▶ What you have to do
The data below holds the lines to copy: everything from the line containing "(ennreal (t powr" to the line containing "powr (- (\<alpha>", both ends included, set down exactly.
=-=-=
(* Let $\beta\in(0,2)$. Then for all $x\in\mathbb{R}^d$, $$|x|^\beta=2^{d+\beta}\pi^{d/2}\frac{\Gamma(\frac{d+\beta}{2})}{\Gamma(\frac{d+\beta}{\alpha})\,|\Gamma(\frac{-\beta}{2})|}\int_0^\infty[p(t,0)-p(t,x)]\,t^{\frac{d-\alpha+\beta}{\alpha}}\,dt,$$ where $\Gamma(-\beta/2)=\int_0^\infty t^{-1-\beta/2}(e^{-t}-1)\,dt$.
   Context: Let $d\ge1$ be an integer and $\alpha\in(0,d\wedge2)$. $p(t,x)$, $t>0$, $x\in\mathbb{R}^d$, denotes the transition density (from $0$) of the rotationally symmetric $\alpha$-stable Lévy process on $\mathbb{R}^d$, i.e. $\int e^{i\xi\cdot x}p(t,x)\,dx=e^{-t|\xi|^\alpha}$ (the heat kernel of $\Delta^{\alpha/2}=-(-\Delta)^{\alpha/2}$). *)

theory Defs
  imports "HOL-Analysis.Analysis"
begin

text \<open>Heat kernel of the fractional Laplacian (rotationally symmetric alpha-stable
  transition density from 0) on a Euclidean space 'n of dimension d = DIM('n),
  given by Fourier inversion of exp(-t |xi|^alpha):
  p(t,x) = (2 pi)^(-d) * integral of exp(-i xi.x) exp(-t |xi|^alpha) d xi.\<close>
definition stable_density :: "real \<Rightarrow> real \<Rightarrow> 'n::euclidean_space \<Rightarrow> real" where
  "stable_density \<alpha> t x =
     (2 * pi) powr (- real DIM('n)) *
     Re (LINT \<xi>|lborel. exp (- \<i> * complex_of_real (\<xi> \<bullet> x))
                         * complex_of_real (exp (- t * norm \<xi> powr \<alpha>)))"

end

theory Submission
  imports Defs "HOL-Probability.Characteristic_Functions"
begin

text \<open>
  By Fourier inversion, \<open>p(t,0) - p(t,x) = (2\<pi>)^-d \<integral> (1 - cos (\<xi>\<cdot>x)) exp (-t |\<xi>|^\<alpha>) d\<xi> \<ge> 0\<close>.
  Integrating against \<open>t^(s-1)\<close>, \<open>s = (d + \<beta>)/\<alpha>\<close>, and exchanging the nonnegative integrals,
  the \<open>t\<close>-integral becomes \<open>\<Gamma>(s) |\<xi>|^-(d+\<beta>)\<close>; this leaves the classical integral
  \<open>\<integral> (1 - cos (\<xi>\<cdot>x)) |\<xi>|^-(d+\<beta>) d\<xi>\<close>. Writing \<open>|\<xi>|^-(d+\<beta>)\<close> as the Gaussian mixture
  \<open>\<Gamma>(h)^-1 \<integral>\<^sub>0\<^sup>\<infinity> u^(h-1) exp (-u |\<xi>|\<^sup>2) du\<close>, \<open>h = (d + \<beta>)/2\<close>, and exchanging again, the
  Gaussian Fourier transform turns it into
  \<open>\<pi>^(d/2) \<Gamma>(h)^-1 \<integral>\<^sub>0\<^sup>\<infinity> u^(\<beta>/2-1) (1 - exp (-|x|\<^sup>2/(4u))) du = \<pi>^(d/2) \<Gamma>(h)^-1 |\<Gamma>(-\<beta>/2)| (|x|/2)^\<beta>\<close>.
  Since every integral is evaluated as a nonnegative integral, integrability comes for free.
\<close>

lemma nn_integral_indicator_incseq_SUP:
  fixes f :: "'a \<Rightarrow> ennreal"
  assumes [measurable]: "f \<in> borel_measurable M" "\<And>n. A n \<in> sets M" and "incseq A"
  shows "(SUP n. \<integral>\<^sup>+ x. f x * indicator (A n) x \<partial>M) = (\<integral>\<^sup>+ x. f x * indicator (\<Union>n. A n) x \<partial>M)"
  using SUP_emeasure_incseq[of A "density M f"] assms by (simp add: emeasure_density image_subset_iff)

lemma nn_integral_ennreal_cmult_indicator:
  fixes f :: "'a \<Rightarrow> real"
  assumes "0 \<le> c" and [measurable]: "f \<in> borel_measurable M" "A \<in> sets M"
  shows "(\<integral>\<^sup>+ x. ennreal (c * f x) * indicator A x \<partial>M) = ennreal c * (\<integral>\<^sup>+ x. ennreal (f x) * indicator A x \<partial>M)"
  using assms by (subst nn_integral_cmult[symmetric]) (auto simp: ennreal_mult' mult.assoc)

lemma
  fixes f :: "'a \<Rightarrow> real"
  assumes [measurable]: "f \<in> borel_measurable M" "A \<in> sets M"
    and nonneg: "\<And>x. x \<in> A \<Longrightarrow> 0 \<le> f x" and "0 \<le> V"
    and nn: "(\<integral>\<^sup>+ x. ennreal (f x) * indicator A x \<partial>M) = ennreal V"
  shows set_integrable_nn_integral_eq: "set_integrable M A f"
    and set_integral_nn_integral_eq: "(LINT x:A|M. f x) = V"
proof -
  have hb: "has_bochner_integral M (\<lambda>x. indicator A x *\<^sub>R f x) V"
    using nonneg \<open>0 \<le> V\<close> nn
    by (intro has_bochner_integral_nn_integral) (auto simp: nn_integral_set_ennreal mult.commute split: split_indicator)
  then show "set_integrable M A f"
    unfolding set_integrable_def by (rule integrable.intros)
  from hb show "(LINT x:A|M. f x) = V"
    unfolding set_lebesgue_integral_def by (rule has_bochner_integral_integral_eq)
qed

section \<open>Integrals on the half-line\<close>

lemma nn_integral_pos_exp_subst:
  fixes F :: "real \<Rightarrow> ennreal"
  assumes [measurable]: "F \<in> borel_measurable borel"
  shows "(\<integral>\<^sup>+ u. F u * indicator {0<..} u \<partial>lborel) = (\<integral>\<^sup>+ s. F (exp s) * ennreal (exp s) \<partial>lborel)"
proof -
  define r :: "nat \<Rightarrow> real" where "r n = real (Suc n)" for n
  have "(\<Union>n. {exp (- r n)..exp (r n)}) = {0<..}"
  proof (intro equalityI subsetI)
    fix u :: real assume u: "u \<in> {0<..}"
    obtain n :: nat where n: "\<bar>ln u\<bar> \<le> real n"
      using real_arch_simple by blast
    have "- r n \<le> ln u" "ln u \<le> r n" using n by (auto simp: r_def)
    then have "exp (- r n) \<le> u \<and> u \<le> exp (r n)"
      using u by (metis exp_le_cancel_iff exp_ln greaterThan_iff)
    then show "u \<in> (\<Union>n. {exp (- r n)..exp (r n)})" by auto
  qed (auto intro: less_le_trans[OF exp_gt_zero])
  moreover have "(\<Union>n. {- r n..r n}) = UNIV"
  proof (intro equalityI subsetI)
    fix s :: real
    obtain n :: nat where "\<bar>s\<bar> \<le> real n"
      using real_arch_simple by blast
    then have "\<bar>s\<bar> \<le> r n" by (simp add: r_def)
    then show "s \<in> (\<Union>n. {- r n..r n})" by (auto simp: abs_le_iff intro!: exI[of _ n])
  qed auto
  moreover have "incseq (\<lambda>n. {exp (- r n)..exp (r n)})" "incseq (\<lambda>n. {- r n..r n})"
    by (auto simp: incseq_def r_def)
  moreover have "(\<integral>\<^sup>+ u. F u * indicator {exp (- r n)..exp (r n)} u \<partial>lborel)
      = (\<integral>\<^sup>+ s. F (exp s) * ennreal (exp s) * indicator {- r n..r n} s \<partial>lborel)" for n
    by (intro nn_integral_substitution_aux) (auto intro!: derivative_eq_intros continuous_on_exp continuous_on_id simp: r_def)
  ultimately show ?thesis
    using nn_integral_indicator_incseq_SUP[of F lborel "\<lambda>n. {exp (- r n)..exp (r n)}"]
      nn_integral_indicator_incseq_SUP[of "\<lambda>s. F (exp s) * ennreal (exp s)" lborel "\<lambda>n. {- r n..r n}"]
    by simp
qed

lemma nn_integral_pos_inverse_subst:
  fixes F :: "real \<Rightarrow> ennreal"
  assumes [measurable]: "F \<in> borel_measurable borel"
  shows "(\<integral>\<^sup>+ u. F u * indicator {0<..} u \<partial>lborel)
       = (\<integral>\<^sup>+ v. F (1 / v) * ennreal (1 / v\<^sup>2) * indicator {0<..} v \<partial>lborel)"
proof -
  have "(\<integral>\<^sup>+ u. F u * indicator {0<..} u \<partial>lborel) = (\<integral>\<^sup>+ s. F (exp s) * ennreal (exp s) \<partial>lborel)"
    by (rule nn_integral_pos_exp_subst) simp
  also have "\<dots> = (\<integral>\<^sup>+ s. F (exp (- s)) * ennreal (exp (- s)) \<partial>lborel)"
    using nn_integral_real_affine[of "\<lambda>s. F (exp s) * ennreal (exp s)" "-1" 0] by simp
  also have "\<dots> = (\<integral>\<^sup>+ s. F (1 / exp s) * ennreal (1 / (exp s)\<^sup>2) * ennreal (exp s) \<partial>lborel)"
    by (intro nn_integral_cong)
       (simp add: exp_minus inverse_eq_divide power2_eq_square mult.assoc flip: ennreal_mult)
  also have "\<dots> = (\<integral>\<^sup>+ v. F (1 / v) * ennreal (1 / v\<^sup>2) * indicator {0<..} v \<partial>lborel)"
    by (rule nn_integral_pos_exp_subst[symmetric]) simp
  finally show ?thesis .
qed

lemma nn_integral_pos_powr_subst:
  fixes F :: "real \<Rightarrow> ennreal"
  assumes [measurable]: "F \<in> borel_measurable borel" and p: "0 < p"
  shows "(\<integral>\<^sup>+ y. F y * indicator {0<..} y \<partial>lborel)
       = (\<integral>\<^sup>+ u. F (u powr p) * ennreal (p * u powr (p - 1)) * indicator {0<..} u \<partial>lborel)"
proof -
  have "(\<integral>\<^sup>+ y. F y * indicator {0<..} y \<partial>lborel) = (\<integral>\<^sup>+ s. F (exp s) * ennreal (exp s) \<partial>lborel)"
    by (rule nn_integral_pos_exp_subst) simp
  also have "\<dots> = ennreal p * (\<integral>\<^sup>+ s. F (exp (p * s)) * ennreal (exp (p * s)) \<partial>lborel)"
    using nn_integral_real_affine[of "\<lambda>s. F (exp s) * ennreal (exp s)" p 0] p by simp
  also have "\<dots> = (\<integral>\<^sup>+ s. F (exp s powr p) * ennreal (p * exp s powr (p - 1)) * ennreal (exp s) \<partial>lborel)"
  proof (subst nn_integral_cmult[symmetric], simp, intro nn_integral_cong)
    fix s :: real
    have e1: "exp s powr p = exp (p * s)" by (simp add: powr_def)
    have e2: "ennreal (p * exp s powr (p - 1)) * ennreal (exp s) = ennreal p * ennreal (exp (p * s))"
      using p by (simp add: powr_def algebra_simps flip: ennreal_mult exp_add)
    show "ennreal p * (F (exp (p * s)) * ennreal (exp (p * s)))
        = F (exp s powr p) * ennreal (p * exp s powr (p - 1)) * ennreal (exp s)"
      unfolding e1 mult.assoc e2 by (simp add: mult_ac)
  qed
  also have "\<dots> = (\<integral>\<^sup>+ u. F (u powr p) * ennreal (p * u powr (p - 1)) * indicator {0<..} u \<partial>lborel)"
    by (rule nn_integral_pos_exp_subst[symmetric]) simp
  finally show ?thesis .
qed

text \<open>The exponent is written in the simplifier's normal form \<open>- (t * r)\<close>, so that the lemma
  still applies to simplified goals.\<close>

lemma nn_integral_Gamma_laplace:
  fixes r s :: real
  assumes r: "0 < r" and s: "0 < s"
  shows "(\<integral>\<^sup>+ t. ennreal (t powr (s - 1) * exp (- (t * r))) * indicator {0<..} t \<partial>lborel)
       = ennreal (Gamma s * r powr (- s))" (is "?I = _")
proof -
  have "ennreal (Gamma s) = (\<integral>\<^sup>+ t. ennreal (indicator {0..} t * t powr (s - 1) / exp t) \<partial>lborel)"
    using Gamma_conv_nn_integral_real[OF s] by simp
  also have "\<dots> = ennreal r * (\<integral>\<^sup>+ t. ennreal (indicator {0..} (r * t) * (r * t) powr (s - 1) / exp (r * t)) \<partial>lborel)"
    using nn_integral_real_affine[of "\<lambda>t. ennreal (indicator {0..} t * t powr (s - 1) / exp t)" r 0] r
    by simp
  also have "\<dots> = ennreal r * (\<integral>\<^sup>+ t. ennreal (r powr (s - 1)) *
      (ennreal (t powr (s - 1) * exp (- (t * r))) * indicator {0<..} t) \<partial>lborel)"
    using r by (intro arg_cong2[where f = "(*)"] refl nn_integral_cong_AE AE_I[of _ _ "{0}"])
      (auto simp: indicator_def powr_mult exp_minus field_simps zero_le_mult_iff simp flip: ennreal_mult)
  also have "\<dots> = ennreal r * ennreal (r powr (s - 1)) *
      (\<integral>\<^sup>+ t. ennreal (t powr (s - 1) * exp (- (t * r))) * indicator {0<..} t \<partial>lborel)"
    by (subst nn_integral_cmult) (auto simp: mult.assoc)
  also have "ennreal r * ennreal (r powr (s - 1)) = ennreal (r powr s)"
    using r by (simp add: powr_diff flip: ennreal_mult)
  finally have G: "ennreal (Gamma s) = ennreal (r powr s) * ?I" .
  have "?I = ennreal (r powr (- s) * r powr s) * ?I"
    using r by (simp flip: powr_add)
  also have "\<dots> = ennreal (Gamma s * r powr (- s))"
    using r s by (simp add: G ennreal_mult' mult_ac)
  finally show ?thesis .
qed

lemma nn_integral_laplace_norm_powr:
  fixes \<xi> :: "'a::real_normed_vector"
  assumes "\<xi> \<noteq> 0" and "0 < \<alpha>" and "0 < s"
  shows "(\<integral>\<^sup>+ t. ennreal (t powr (s - 1) * exp (- (t * norm \<xi> powr \<alpha>))) * indicator {0<..} t \<partial>lborel)
       = ennreal (Gamma s * norm \<xi> powr (- (\<alpha> * s)))"
  using nn_integral_Gamma_laplace[of "norm \<xi> powr \<alpha>" s] assms by (simp add: powr_powr)

lemma nn_integral_powr_tail:
  fixes r \<gamma> :: real assumes r: "0 < r" and \<gamma>: "0 < \<gamma>"
  shows "(\<integral>\<^sup>+ w. ennreal (w powr (- 1 - \<gamma>)) * indicator {r..} w \<partial>lborel) = ennreal (r powr (- \<gamma>) / \<gamma>)"
proof -
  have "((\<lambda>w. - (w powr (- \<gamma>)) / \<gamma>) \<longlongrightarrow> - 0 / \<gamma>) at_top"
    using \<gamma> by (intro tendsto_intros tendsto_neg_powr filterlim_ident) auto
  then have "(\<integral>\<^sup>+ w. ennreal (w powr (- 1 - \<gamma>)) * indicator {r..} w \<partial>lborel) = ennreal (0 - (- (r powr (- \<gamma>)) / \<gamma>))"
    using r \<gamma> by (intro nn_integral_FTC_atLeast)
      (auto intro!: derivative_eq_intros simp: field_simps powr_diff powr_minus)
  then show ?thesis by simp
qed

lemma Gamma_one_minus:
  fixes \<gamma> :: real assumes "0 < \<gamma>" and "\<gamma> < 1"
  shows "Gamma (1 - \<gamma>) = - \<gamma> * Gamma (- \<gamma>)"
proof -
  have "- \<gamma> \<notin> \<int>\<^sub>\<le>\<^sub>0"
  proof
    assume "- \<gamma> \<in> \<int>\<^sub>\<le>\<^sub>0"
    then obtain n :: int where "- \<gamma> = of_int n" by (auto elim!: nonpos_Ints_cases)
    with assms have "n < 0" "- 1 < n" by linarith+
    then show False by simp
  qed
  from Gamma_plus1[OF this] show ?thesis by simp
qed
=-=-=
▶ Response to the exercise
      (ennreal (t powr (s - 1) * exp (- (t * r))) * indicator {0<..} t) \<partial>lborel)"
    using r by (intro arg_cong2[where f = "(*)"] refl nn_integral_cong_AE AE_I[of _ _ "{0}"])
      (auto simp: indicator_def powr_mult exp_minus field_simps zero_le_mult_iff simp flip: ennreal_mult)
  also have "\<dots> = ennreal r * ennreal (r powr (s - 1)) *
      (\<integral>\<^sup>+ t. ennreal (t powr (s - 1) * exp (- (t * r))) * indicator {0<..} t \<partial>lborel)"
    by (subst nn_integral_cmult) (auto simp: mult.assoc)
  also have "ennreal r * ennreal (r powr (s - 1)) = ennreal (r powr s)"
    using r by (simp add: powr_diff flip: ennreal_mult)
  finally have G: "ennreal (Gamma s) = ennreal (r powr s) * ?I" .
  have "?I = ennreal (r powr (- s) * r powr s) * ?I"
    using r by (simp flip: powr_add)
  also have "\<dots> = ennreal (Gamma s * r powr (- s))"
    using r s by (simp add: G ennreal_mult' mult_ac)
  finally show ?thesis .
qed

lemma nn_integral_laplace_norm_powr:
  fixes \<xi> :: "'a::real_normed_vector"
  assumes "\<xi> \<noteq> 0" and "0 < \<alpha>" and "0 < s"
  shows "(\<integral>\<^sup>+ t. ennreal (t powr (s - 1) * exp (- (t * norm \<xi> powr \<alpha>))) * indicator {0<..} t \<partial>lborel)
       = ennreal (Gamma s * norm \<xi> powr (- (\<alpha> * s)))"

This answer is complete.